-- The data follows --
(* Let $q\ge2$, $n\ge2$, $m=n-1$ and $R\in[m]$. Then $$\min_{{\boldsymbol y}\in\Sigma_{q,R}^m}\mathsf{H}^{\mathsf{In}}_{1\text{-}\mathsf{Del}}({\boldsymbol y})=\log_2(nq)-\frac{(m-R+2)\log_2(m-R+2)+2(R-1)}{nq},$$ and the minimum is attained only by skewed channel outputs.
   Context: $\Sigma_q=\{0,\dots,q-1\}$. For sequences ${\boldsymbol x}$ of length $N$ and ${\boldsymbol y}$ of length $\ell\le N$, $\omega_{{\boldsymbol y}}({\boldsymbol x})$ is the number of index tuples $1\le i_1<\dots<i_\ell\le N$ with $x_{i_j}=y_j$. The $1$-deletion channel with input length $n$ maps ${\boldsymbol x}\in\Sigma_q^n$ to ${\boldsymbol y}\in\Sigma_q^{n-1}$ with probability $\omega_{{\boldsymbol y}}({\boldsymbol x})/n$; under uniform transmission ($X$ uniform on $\Sigma_q^n$), $\mathsf{H}^{\mathsf{In}}_{1\text{-}\mathsf{Del}}({\boldsymbol y})=H(X\mid Y={\boldsymbol y})$ in bits, with posterior $P({\boldsymbol x}\mid {\boldsymbol y})=\Pr\{{\boldsymbol y}\mid{\boldsymbol x}\}/\sum_{{\boldsymbol x}'}\Pr\{{\boldsymbol y}\mid{\boldsymbol x}'\}$. A run is a maximal block of identical consecutive symbols; $\Sigma_{q,R}^m$ is the set of sequences in $\Sigma_q^m$ with exactly $R$ runs. A sequence in $\Sigma_{q,R}^m$ is skewed if it has $R-1$ runs of length one and one run of length $m-(R-1)$. *)

theory Defs
  imports Main "HOL-Library.Multiset" Complex_Main
begin

definition seqs :: "nat \<Rightarrow> nat \<Rightarrow> nat list set" where
  "seqs q n = {xs. length xs = n \<and> set xs \<subseteq> {..<q}}"

definition omega :: "nat list \<Rightarrow> nat list \<Rightarrow> nat" where
  "omega y x = card {I. I \<subseteq> {..<length x} \<and> card I = length y \<and> nths x I = y}"

text \<open>1-deletion channel with input length n: Pr{y | x} = omega_y(x) / n.\<close>
definition del_prob :: "nat \<Rightarrow> nat list \<Rightarrow> nat list \<Rightarrow> real" where
  "del_prob n y x = real (omega y x) / real n"

text \<open>Posterior P(x | y) under uniform input on Sigma_q^n.\<close>
definition posterior :: "nat \<Rightarrow> nat \<Rightarrow> nat list \<Rightarrow> nat list \<Rightarrow> real" where
  "posterior q n y x = del_prob n y x / (\<Sum>x'\<in>seqs q n. del_prob n y x')"

definition H_in_1del :: "nat \<Rightarrow> nat \<Rightarrow> nat list \<Rightarrow> real" where
  "H_in_1del q n y = - (\<Sum>x\<in>seqs q n.
      (if posterior q n y x = 0 then 0
       else posterior q n y x * log 2 (posterior q n y x)))"

fun runs :: "'a list \<Rightarrow> 'a list list" where
  "runs [] = []"
| "runs (x # xs) = (case runs xs of
       [] \<Rightarrow> [[x]]
     | r # rs \<Rightarrow> (if hd r = x then (x # r) # rs else [x] # r # rs))"

definition seqs_runs :: "nat \<Rightarrow> nat \<Rightarrow> nat \<Rightarrow> nat list set" where
  "seqs_runs q R m = {y \<in> seqs q m. length (runs y) = R}"

definition skewed :: "nat \<Rightarrow> nat list \<Rightarrow> bool" where
  "skewed R y = (mset (map length (runs y)) =
       replicate_mset (R - 1) 1 + {# length y - (R - 1) #})"

end

theory Submission
  imports Defs
begin

text \<open>
  Under uniform input the posterior of \<open>x\<close> given \<open>y\<close> is proportional to
  \<open>\<omega>\<^sub>y(x)\<close>. Summed over all \<open>x\<close> these weights give \<open>nq\<close> (one for each
  choice of an inserted symbol and its position), and \<open>\<omega>\<^sub>y(x) \<ge> 2\<close> happens
  only when \<open>x\<close> lengthens a run of \<open>y\<close>, of length \<open>r\<close> say, and then
  \<open>\<omega>\<^sub>y(x) = r + 1\<close>. Hence
  \<open>H(X | Y = y) = log(nq) - (\<Sum> runs (r+1) log(r+1)) / nq\<close>.
  Writing each run length as \<open>r = 1 + t\<close>, the map \<open>t \<mapsto> (t+2) log(t+2) - 2\<close> is
  strictly convex and vanishes at 0, hence strictly superadditive; so for a fixed
  number of runs the sum over the runs is largest, and the entropy smallest,
  exactly when all the excess length sits in a single run.
\<close>

subsection \<open>Counting embeddings of subsequences\<close>

definition occurrences :: "'a list \<Rightarrow> 'a list \<Rightarrow> nat set set" where
  "occurrences y x = {I. I \<subseteq> {..<length x} \<and> card I = length y \<and> nths x I = y}"
(* Let $n\ge 1$. If $E\subseteq\mathbb{N}\times\mathbb{N}$ is a $\Sigma^0_{n+1}$ index equivalence relation, then $E$ is $\Pi^0_n$-graphable with diameter $2$.
   Context: $\varphi_e$ denotes the $e$-th partial computable function in a standard acceptable numbering. An equivalence relation $E$ on $\mathbb{N}$ is an index equivalence relation if whenever $\varphi_a=\varphi_{a'}$ and $\varphi_b=\varphi_{b'}$, we have $aEb\iff a'Eb'$. An equivalence relation $E$ on $X$ is $\Gamma$-graphable (for a pointclass $\Gamma$) if there is a simple undirected graph $G\subseteq X\times X$ in $\Gamma$ whose connectedness relation equals $E$; it is $\Gamma$-graphable with diameter $k$ if such a $G$ exists in which $k$ is the least integer such that any two $G$-connected points are joined by a path of length at most $k$. *)

theory Defs
  imports Main "HOL-Library.Nat_Bijection"
begin

datatype recf = Zero | Succ | Proj nat | Comp recf "recf list" | Prim recf recf | Mini recf

inductive eval :: "recf \<Rightarrow> nat list \<Rightarrow> nat \<Rightarrow> bool" where
  eval_zero: "eval Zero xs 0"
| eval_succ: "eval Succ (x # xs) (Suc x)"
| eval_proj: "i < length xs \<Longrightarrow> eval (Proj i) xs (xs ! i)"
| eval_comp: "length ys = length gs \<Longrightarrow> (\<forall>i < length gs. eval (gs ! i) xs (ys ! i))
              \<Longrightarrow> eval f ys v \<Longrightarrow> eval (Comp f gs) xs v"
| eval_prim0: "eval f xs v \<Longrightarrow> eval (Prim f g) (0 # xs) v"
| eval_primS: "eval (Prim f g) (m # xs) u \<Longrightarrow> eval g (m # u # xs) v
              \<Longrightarrow> eval (Prim f g) (Suc m # xs) v"
| eval_mini: "eval f (y # xs) 0 \<Longrightarrow> (\<forall>z < y. \<exists>v. eval f (z # xs) (Suc v))
              \<Longrightarrow> eval (Mini f) xs y"

definition partial_computable :: "(nat \<Rightarrow> nat option) \<Rightarrow> bool" where
  "partial_computable f \<longleftrightarrow> (\<exists>r. \<forall>x v. eval r [x] v \<longleftrightarrow> f x = Some v)"

definition partial_computable2 :: "(nat \<Rightarrow> nat \<Rightarrow> nat option) \<Rightarrow> bool" where
  "partial_computable2 g \<longleftrightarrow> partial_computable (\<lambda>z. case prod_decode z of (x, y) \<Rightarrow> g x y)"

definition total_computable :: "(nat \<Rightarrow> nat) \<Rightarrow> bool" where
  "total_computable s \<longleftrightarrow> partial_computable (\<lambda>x. Some (s x))"

text \<open>Acceptable (Goedel) numbering of the partial computable functions (Rogers):
  the universal function is partial computable and the s-m-n property holds.\<close>
definition acceptable_numbering :: "(nat \<Rightarrow> nat \<Rightarrow> nat option) \<Rightarrow> bool" where
  "acceptable_numbering \<phi> \<longleftrightarrow>
     partial_computable2 \<phi> \<and>
     (\<forall>g. partial_computable2 g \<longrightarrow> (\<exists>s. total_computable s \<and> (\<forall>x y. \<phi> (s x) y = g x y)))"

definition decidable_set :: "nat set \<Rightarrow> bool" where
  "decidable_set A \<longleftrightarrow> total_computable (\<lambda>x. if x \<in> A then 1 else 0)"

fun arith_sigma :: "nat \<Rightarrow> nat set \<Rightarrow> bool" where
  "arith_sigma 0 A = decidable_set A"
| "arith_sigma (Suc n) A =
     (\<exists>B. arith_sigma n (- B) \<and> A = {x. \<exists>y. prod_encode (x, y) \<in> B})"

definition arith_pi :: "nat \<Rightarrow> nat set \<Rightarrow> bool" where
  "arith_pi n A \<longleftrightarrow> arith_sigma n (- A)"

definition rel_code :: "(nat \<times> nat) set \<Rightarrow> nat set" where
  "rel_code R = prod_encode ` R"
-- The data concluded --
▶ **Assignment**
All lines in the records above that contain "else" are to be reported.

▶ **Solution to this task**
       else posterior q n y x * log 2 (posterior q n y x)))"
     | r # rs \<Rightarrow> (if hd r = x then (x # r) # rs else [x] # r # rs))"
  "decidable_set A \<longleftrightarrow> total_computable (\<lambda>x. if x \<in> A then 1 else 0)"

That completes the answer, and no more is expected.